::: Record set

(* Let $f\in\mathbb{R}[\mathbf{x}]$, $\mathscr{A}=\operatorname{supp}(f)$, and let $\mathscr{B}\subseteq\mathbb{N}^n$ be a finite set of exponents. Let $f^1_{\mathrm{ts}}$ be the optimal value of $$\mathbf{P}^1_{\mathrm{ts}}:\quad\inf_{\mathbf{y}}\{L_{\mathbf{y}}(f):\ \mathbf{B}_{G^{(1)}}\circ\mathbf{M}_{\mathscr{B}}(\mathbf{y})\in\Pi_{G^{(1)}}(\mathbb{S}^+_{|\mathscr{B}|}),\ y_{\mathbf{0}}=1\}$$ and let $f_{\mathrm{sdsos}}=\sup\{b\in\mathbb{R}: f-b\in\mathrm{SDSOS}\}$. Then $f^1_{\mathrm{ts}}\ge f_{\mathrm{sdsos}}$.
   Context: A symmetric $t\times t$ matrix $\mathbf{G}$ is diagonally dominant if $\mathbf{G}_{ii}\ge\sum_{j\ne i}|\mathbf{G}_{ij}|$ for all $i$, and scaled diagonally dominant if $\mathbf{D}\mathbf{G}\mathbf{D}$ is diagonally dominant for some positive definite diagonal matrix $\mathbf{D}$. A polynomial $h$ belongs to $\mathrm{SDSOS}$ if $h=(\mathbf{x}^{\mathscr{B}})^\intercal\mathbf{G}\,\mathbf{x}^{\mathscr{B}}$ for some scaled diagonally dominant $\mathbf{G}$ indexed by $\mathscr{B}$, where $\mathbf{x}^{\mathscr{B}}=(\mathbf{x}^\beta)_{\beta\in\mathscr{B}}$. Graphs: a chordal extension $G'$ of $G$ is a chordal graph (every cycle of length $\ge4$ has a chord) on the same nodes containing $G$; chordal extensions are fixed so that $G\subseteq H$ implies $G'\subseteq H'$. For a graph $G$ with nodes $V\subseteq\mathbb{N}^n$, $\operatorname{supp}(G)=\{\beta+\gamma:\beta=\gamma\in V\text{ or }\{\beta,\gamma\}\in E(G)\}$. $G^{(0)}$ is the graph with nodes $\mathscr{B}$ and edges $\{\beta,\gamma\}$, $\beta\ne\gamma$, $\beta+\gamma\in\mathscr{A}\cup2\mathscr{B}$; $F^{(1)}$ has nodes $\mathscr{B}$ and edges $\{\beta,\gamma\}$, $\beta\ne\gamma$, $\beta+\gamma\in\operatorname{supp}(G^{(0)})$; $G^{(1)}=(F^{(1)})'$. $L_{\mathbf{y}}(\sum f_\alpha\mathbf{x}^\alpha)=\sum f_\alpha y_\alpha$; $\mathbf{M}_{\mathscr{B}}(\mathbf{y})$ is indexed by $\mathscr{B}$ with $(\beta,\gamma)$-entry $y_{\beta+\gamma}$. For a graph $G$ on nodes $V$: $\mathbb{S}(G)$ is the set of symmetric matrices indexed by $V$ vanishing off the pattern of $G$ (off-diagonal non-edges); $\Pi_G$ zeroes off-pattern entries; $\Pi_G(\mathbb{S}^+_{|V|})=\{\Pi_G(\mathbf{Q}):\mathbf{Q}\succeq0\}$; $\mathbf{B}_G$ is the adjacency matrix with unit diagonal; $\circ$ is the entrywise product. *)

theory Defs
  imports "HOL-Library.Extended_Real"
begin

text \<open>Exponent vectors in N^n are functions 'v => nat with 'v a finite type (n = CARD('v)).
  Polynomials are coefficient functions with finite support. Matrices indexed by a finite
  set B of exponents are functions monom => monom => real (only entries on B x B matter).\<close>

type_synonym 'v monom = "'v \<Rightarrow> nat"

definition madd :: "'v monom \<Rightarrow> 'v monom \<Rightarrow> 'v monom" where
  "madd a b = (\<lambda>i. a i + b i)"

definition mzero :: "'v monom" where
  "mzero = (\<lambda>_. 0)"

definition poly_supp :: "('v monom \<Rightarrow> real) \<Rightarrow> 'v monom set" where
  "poly_supp f = {\<alpha>. f \<alpha> \<noteq> 0}"

definition Ly :: "('v monom \<Rightarrow> real) \<Rightarrow> ('v monom \<Rightarrow> real) \<Rightarrow> real" where
  "Ly y f = (\<Sum>\<alpha>\<in>poly_supp f. f \<alpha> * y \<alpha>)"

text \<open>Gram-matrix representation: h = (x^B)^T G x^B.\<close>
definition gram_rep :: "'v monom set \<Rightarrow> ('v monom \<Rightarrow> 'v monom \<Rightarrow> real) \<Rightarrow> ('v monom \<Rightarrow> real) \<Rightarrow> bool" where
  "gram_rep B G h = (\<forall>\<alpha>. h \<alpha> = (\<Sum>p\<in>{(\<beta>,\<gamma>)\<in>B \<times> B. madd \<beta> \<gamma> = \<alpha>}. G (fst p) (snd p)))"

definition symmetric_on :: "'v monom set \<Rightarrow> ('v monom \<Rightarrow> 'v monom \<Rightarrow> real) \<Rightarrow> bool" where
  "symmetric_on B G = (\<forall>\<beta>\<in>B. \<forall>\<gamma>\<in>B. G \<beta> \<gamma> = G \<gamma> \<beta>)"

definition diag_dominant :: "'v monom set \<Rightarrow> ('v monom \<Rightarrow> 'v monom \<Rightarrow> real) \<Rightarrow> bool" where
  "diag_dominant B G = (symmetric_on B G \<and>
     (\<forall>i\<in>B. G i i \<ge> (\<Sum>j\<in>B - {i}. \<bar>G i j\<bar>)))"

definition scaled_diag_dominant :: "'v monom set \<Rightarrow> ('v monom \<Rightarrow> 'v monom \<Rightarrow> real) \<Rightarrow> bool" where
  "scaled_diag_dominant B G = (symmetric_on B G \<and>
     (\<exists>d. (\<forall>i\<in>B. d i > 0) \<and> diag_dominant B (\<lambda>i j. d i * G i j * d j)))"

definition sdsos :: "'v monom set \<Rightarrow> ('v monom \<Rightarrow> real) \<Rightarrow> bool" where
  "sdsos B h = (\<exists>G. scaled_diag_dominant B G \<and> gram_rep B G h)"

definition supp_graph :: "'v monom set \<Rightarrow> ('v monom \<Rightarrow> 'v monom \<Rightarrow> bool) \<Rightarrow> 'v monom set" where
  "supp_graph V E = {madd \<beta> \<gamma> | \<beta> \<gamma>. \<beta> \<in> V \<and> \<gamma> \<in> V \<and> (\<beta> = \<gamma> \<or> E \<beta> \<gamma>)}"

definition G0_edge :: "'v monom set \<Rightarrow> 'v monom set \<Rightarrow> 'v monom \<Rightarrow> 'v monom \<Rightarrow> bool" where
  "G0_edge A B \<beta> \<gamma> = (\<beta> \<in> B \<and> \<gamma> \<in> B \<and> \<beta> \<noteq> \<gamma> \<and>
      madd \<beta> \<gamma> \<in> A \<union> (\<lambda>b. madd b b) ` B)"

definition F1_edge :: "'v monom set \<Rightarrow> 'v monom set \<Rightarrow> 'v monom \<Rightarrow> 'v monom \<Rightarrow> bool" where
  "F1_edge A B \<beta> \<gamma> = (\<beta> \<in> B \<and> \<gamma> \<in> B \<and> \<beta> \<noteq> \<gamma> \<and>
      madd \<beta> \<gamma> \<in> supp_graph B (G0_edge A B))"

definition chordal :: "'a set \<Rightarrow> ('a \<Rightarrow> 'a \<Rightarrow> bool) \<Rightarrow> bool" where
  "chordal V E = (\<forall>cs. distinct cs \<and> length cs \<ge> 4 \<and> set cs \<subseteq> V \<and>
      (\<forall>i<length cs. E (cs ! i) (cs ! ((i + 1) mod length cs))) \<longrightarrow>
      (\<exists>i<length cs. \<exists>j<length cs. i \<noteq> j \<and> j \<noteq> (i + 1) mod length cs \<and>
          i \<noteq> (j + 1) mod length cs \<and> E (cs ! i) (cs ! j)))"

definition chordal_extension :: "'a set \<Rightarrow> ('a \<Rightarrow> 'a \<Rightarrow> bool) \<Rightarrow> ('a \<Rightarrow> 'a \<Rightarrow> bool) \<Rightarrow> bool" where
  "chordal_extension V E E' = ((\<forall>x y. E' x y \<longrightarrow> x \<in> V \<and> y \<in> V \<and> x \<noteq> y) \<and>
      (\<forall>x y. E' x y \<longrightarrow> E' y x) \<and> (\<forall>x y. E x y \<longrightarrow> E' x y) \<and> chordal V E')"

definition psd_on :: "'v monom set \<Rightarrow> ('v monom \<Rightarrow> 'v monom \<Rightarrow> real) \<Rightarrow> bool" where
  "psd_on B Q = (symmetric_on B Q \<and>
     (\<forall>u. 0 \<le> (\<Sum>\<beta>\<in>B. \<Sum>\<gamma>\<in>B. u \<beta> * Q \<beta> \<gamma> * u \<gamma>)))"

definition moment_mat :: "('v monom \<Rightarrow> real) \<Rightarrow> 'v monom \<Rightarrow> 'v monom \<Rightarrow> real" where
  "moment_mat y \<beta> \<gamma> = y (madd \<beta> \<gamma>)"

definition adj_unit :: "('a \<Rightarrow> 'a \<Rightarrow> bool) \<Rightarrow> 'a \<Rightarrow> 'a \<Rightarrow> real" where
  "adj_unit E \<beta> \<gamma> = (if \<beta> = \<gamma> \<or> E \<beta> \<gamma> then 1 else 0)"

definition hadamard :: "('a \<Rightarrow> 'a \<Rightarrow> real) \<Rightarrow> ('a \<Rightarrow> 'a \<Rightarrow> real) \<Rightarrow> 'a \<Rightarrow> 'a \<Rightarrow> real" where
  "hadamard M N \<beta> \<gamma> = M \<beta> \<gamma> * N \<beta> \<gamma>"

definition proj_graph :: "('a \<Rightarrow> 'a \<Rightarrow> bool) \<Rightarrow> ('a \<Rightarrow> 'a \<Rightarrow> real) \<Rightarrow> 'a \<Rightarrow> 'a \<Rightarrow> real" where
  "proj_graph E Q \<beta> \<gamma> = (if \<beta> = \<gamma> \<or> E \<beta> \<gamma> then Q \<beta> \<gamma> else 0)"

definition in_proj_psd :: "'v monom set \<Rightarrow> ('v monom \<Rightarrow> 'v monom \<Rightarrow> bool) \<Rightarrow> ('v monom \<Rightarrow> 'v monom \<Rightarrow> real) \<Rightarrow> bool" where
  "in_proj_psd B E M = (\<exists>Q. psd_on B Q \<and> (\<forall>\<beta>\<in>B. \<forall>\<gamma>\<in>B. M \<beta> \<gamma> = proj_graph E Q \<beta> \<gamma>))"

definition ts_feasible :: "'v monom set \<Rightarrow> ('v monom \<Rightarrow> 'v monom \<Rightarrow> bool) \<Rightarrow> ('v monom \<Rightarrow> real) \<Rightarrow> bool" where
  "ts_feasible B E y = (in_proj_psd B E (hadamard (adj_unit E) (moment_mat y)) \<and> y mzero = 1)"

end

(* Suppose f - b = (x^B)^T G x^B with G scaled
   diagonally dominant, and let y be feasible. Scaled diagonally dominant matrices pair
   nonnegatively with every matrix whose 2x2 principal submatrices are positive semidefinite.
   The moment matrix of y need not be such a matrix, because its entries off the pattern of
   G^(1) are unconstrained; but they may be set to zero. If beta <> gamma and beta + gamma lies
   in supp(f) or in 2B, then {beta, gamma} is an edge of G^(0) and hence of G^(1), so there the
   moment y_(beta+gamma) is an entry of a PSD matrix Q; and moments outside
   supp(f) \<union> {0} \<union> 2B do not occur in L_y(f - b). Pairing G with the truncated moment matrix
   therefore yields L_y(f) - b \<ge> 0. *)

theory Submission
  imports Defs
begin

definition principal_2x2_psd_on :: "'a set \<Rightarrow> ('a \<Rightarrow> 'a \<Rightarrow> real) \<Rightarrow> bool" where
  "principal_2x2_psd_on B M =
     (\<forall>i\<in>B. \<forall>j\<in>B. \<forall>s t. 0 \<le> s * s * M i i + 2 * s * t * M i j + t * t * M j j)"
lemma hermitian_quadratic_form_max_eigenvector:
  fixes A :: "'n::finite cmat"
  assumes herm: "hermitian A" and W: "subspace W" and AW: "\<And>v. v \<in> W \<Longrightarrow> A *v v \<in> W"
    and u: "u \<in> W" "norm u = 1"
    and max: "\<And>v. v \<in> W \<Longrightarrow> norm v = 1 \<Longrightarrow> inner v (A *v v) \<le> inner u (A *v u)"
  shows "A *v u = of_real (inner u (A *v u)) *s u"
proof -
  define f where "f v = inner v (A *v v)" for v
  define \<mu> where "\<mu> = f u"
  have bound: "f v \<le> \<mu> * (norm v)\<^sup>2" if "v \<in> W" for v
  proof (cases "v = 0")
    case False
    have "f ((1 / norm v) *\<^sub>R v) \<le> \<mu>"
      unfolding f_def \<mu>_def using False that W by (intro max) (auto simp: subspace_scale)
    then show ?thesis
      using False by (simp add: f_def matrix_vector_mult_scaleR field_simps power2_eq_square)
  qed (simp add: f_def)
  have orth: "2 * inner w (A *v u - \<mu> *\<^sub>R u) = 0" if w: "w \<in> W" for w
  proof (rule linear_coeff_eq_0_if_quadratic_nonpos[where b = "f w - \<mu> * (norm w)\<^sup>2"])
    fix t :: real
    have "inner u u = 1"
      using u(2) by (simp add: power2_norm_eq_inner[symmetric])
    then have "(norm (u + t *\<^sub>R w))\<^sup>2 = 1 + 2 * t * inner w u + t\<^sup>2 * (norm w)\<^sup>2"
      unfolding power2_norm_eq_inner
      by (simp add: inner_add_left inner_add_right power2_eq_square algebra_simps inner_commute)
    moreover have "f (u + t *\<^sub>R w) = f u + 2 * t * inner w (A *v u) + t\<^sup>2 * f w"
      unfolding f_def using hermitian_inner_commute[OF herm, of u w]
      by (simp add: matrix_vector_right_distrib matrix_vector_mult_scaleR inner_add_left
          inner_add_right power2_eq_square algebra_simps)
    moreover have "f (u + t *\<^sub>R w) \<le> \<mu> * (norm (u + t *\<^sub>R w))\<^sup>2"
      using W u w by (intro bound) (simp add: subspace_add subspace_scale)
    ultimately show "2 * inner w (A *v u - \<mu> *\<^sub>R u) * t + (f w - \<mu> * (norm w)\<^sup>2) * t\<^sup>2 \<le> 0"
      unfolding \<mu>_def by (simp add: inner_diff_right algebra_simps)
  qed
  have "A *v u - \<mu> *\<^sub>R u \<in> W"
    using W u AW by (simp add: subspace_diff subspace_scale)
  from orth[OF this] have "A *v u - \<mu> *\<^sub>R u = 0" by simp
  then show ?thesis by (simp add: \<mu>_def f_def scaleR_eq_of_real_smult)
qed
(* Let $n\in\mathbb{N}$ and let $\mathbf{s}=(s_0,\ldots,s_n)\subset[0,\infty)$ be positive on $(0,1]$. Set $K=\mathrm{ind}_1(\mathbf{s})$ and $N=2K-1$. Then (i) $s_k\in\big(t_1((s_{k+1},\ldots,s_n)),\infty\big)$ for $k\in\mathbb{N}\cap[n-N,n-1]$; (ii) $s_k=t_1((s_{k+1},\ldots,s_{k+N+1}))$ for $k\in\mathbb{N}\cap[0,n-N-1]$.
   Context: For $a<b$ and a finite sequence $\mathbf{u}=(u_0,\ldots,u_m)$, $\mathbf{u}$ is positive on $[a,b]$ if the functional $\sigma(x^k)=u_k$ is $\ge0$ on every real polynomial of degree $\le m$ nonnegative on $[a,b]$; positive on $(0,1]$ means positive on some $[a,b]$ with $0<a<b\le1$. $\mathcal{M}_{a,b}(\mathbf{u})$ is the set of positive Borel measures on $[a,b]$ with $k$-th moments $u_k$; $\mathcal{M}_1(\mathbf{u})$ is the set of positive Borel measures on $(0,1]$ supported in some $[a,b]\subset(0,1]$, $a>0$, with these moments. For finitely supported $\mu$, $\mathrm{ind}_1(\mu)=\#(\mathrm{supp}\,\mu\cap(0,1))+\frac12\chi_{\mathrm{supp}\,\mu}(1)$, else $\infty$; $\mathrm{ind}_1(\mathbf{u})=\min\{\mathrm{ind}_1(\mu):\mu\in\mathcal{M}_1(\mathbf{u})\}$ (a half-integer or integer). $t_{a,b}(\mathbf{u})=\inf\{\int\frac1t\,d\mu:\mu\in\mathcal{M}_{a,b}(\mathbf{u})\}$ ($\inf\varnothing=\infty$) and $t_1(\mathbf{u})=\inf_{0<a<b\le1}t_{a,b}(\mathbf{u})$. *)

theory Defs
  imports "HOL-Analysis.Analysis" "HOL-Probability.Probability" "HOL-Computational_Algebra.Polynomial"
begin

definition moment_functional :: "real list \<Rightarrow> real poly \<Rightarrow> real" where
  "moment_functional u p = (\<Sum>k<length u. coeff p k * u ! k)"

definition positive_on :: "real list \<Rightarrow> real \<Rightarrow> real \<Rightarrow> bool" where
  "positive_on u a b \<longleftrightarrow>
     (\<forall>p :: real poly. degree p + 1 \<le> length u \<longrightarrow> (\<forall>x\<in>{a..b}. poly p x \<ge> 0)
        \<longrightarrow> moment_functional u p \<ge> 0)"

definition positive_on_01 :: "real list \<Rightarrow> bool" where
  "positive_on_01 u \<longleftrightarrow> (\<exists>a b. 0 < a \<and> a < b \<and> b \<le> 1 \<and> positive_on u a b)"

definition moment_measures :: "real list \<Rightarrow> real \<Rightarrow> real \<Rightarrow> real measure set" where
  "moment_measures u a b =
     {M. sets M = sets borel \<and> finite_measure M \<and> emeasure M (- {a..b}) = 0 \<and>
         (\<forall>k<length u. integrable M (\<lambda>x. x ^ k) \<and> (\<integral>x. x ^ k \<partial>M) = u ! k)}"

definition moment_measures_1 :: "real list \<Rightarrow> real measure set" where
  "moment_measures_1 u = (\<Union>{moment_measures u a b | a b. 0 < a \<and> a < b \<and> b \<le> 1})"

definition msupp :: "real measure \<Rightarrow> real set" where
  "msupp M = {x. \<forall>e>0. emeasure M (ball x e) > 0}"

definition ind1_measure :: "real measure \<Rightarrow> ereal" where
  "ind1_measure M =
     (if finite (msupp M)
      then ereal (real (card (msupp M \<inter> {0<..<1})) + (if 1 \<in> msupp M then 1/2 else 0))
      else \<infinity>)"

definition ind1 :: "real list \<Rightarrow> ereal" where
  "ind1 u = (INF M\<in>moment_measures_1 u. ind1_measure M)"

definition t_ab :: "real list \<Rightarrow> real \<Rightarrow> real \<Rightarrow> ereal" where
  "t_ab u a b = (INF M\<in>moment_measures u a b. ereal (\<integral>t. 1 / t \<partial>M))"

definition t1 :: "real list \<Rightarrow> ereal" where
  "t1 u = (INF p\<in>{(a, b). 0 < a \<and> a < b \<and> b \<le> 1}. t_ab u (fst p) (snd p))"

end

theory Submission
  imports Defs
begin

text \<open>
  A sequence positive on [a, b] \<subseteq> (0, 1] is the moment sequence of a finitely atomic measure:
  take the moment vector of m + 1 atoms in [a, b] nearest to s (a Caratheodory reduction keeps
  the number of atoms at m + 1 when an atom is added); the residual is orthogonal to it and
  nonpositive against every point mass, so positivity of s forces it to vanish. Among all such
  measures choose \<mu> = \<Sum>x\<in>S. \<omega>(x) \<delta>_x with minimal index, so that K = 2 ind_1(s) = twice_ind1 S;
  the measure x^k \<mu> represents (s_k, s_(k+1), ...).

  (ii) If k + K \<le> n, let 1 - t q(t) = P(t) / P(0) with P(t) = \<Prod>x\<in>S\<inter>(0,1). (t - x)^2, times 1 - t
  if 1 \<in> S. Then q has degree < K, q(t) \<le> 1/t on (0, 1] and x q(x) = 1 on S; integrating q against
  any measure with moments (s_(k+1), ..., s_(k+K)) shows \<integral> 1/t \<ge> s_k, with equality for x^(k+1) \<mu>.

  (i) If fewer than K moments follow s_k, a polynomial of degree < K that is nonnegative on
  [a/2, 1] cannot vanish on S, because its interior zeros are double. By compactness
  \<Sum>x\<in>S. \<omega>(x) x^k p(x) then dominates \<delta> times the coefficient norm of p, so
  (s_k - \<delta>, s_(k+1), ..., s_n) is still positive on [a/2, 1] and its representing measure
  yields t_1 \<le> s_k - \<delta>.
\<close>

definition atomic_measure :: "real set \<Rightarrow> (real \<Rightarrow> real) \<Rightarrow> real measure" where
  "atomic_measure S w = distr (density (count_space S) (\<lambda>x. ennreal (w x))) borel (\<lambda>x. x)"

::::::

## Exercise requirements
Looking at the data above, return every line from the one with "The moment matrix" down to the one with "G^(1) are unconstrained;", exactly and inclusively.

## Response area
   The moment matrix of y need not be such a matrix, because its entries off the pattern of
   G^(1) are unconstrained; but they may be set to zero. If beta <> gamma and beta + gamma lies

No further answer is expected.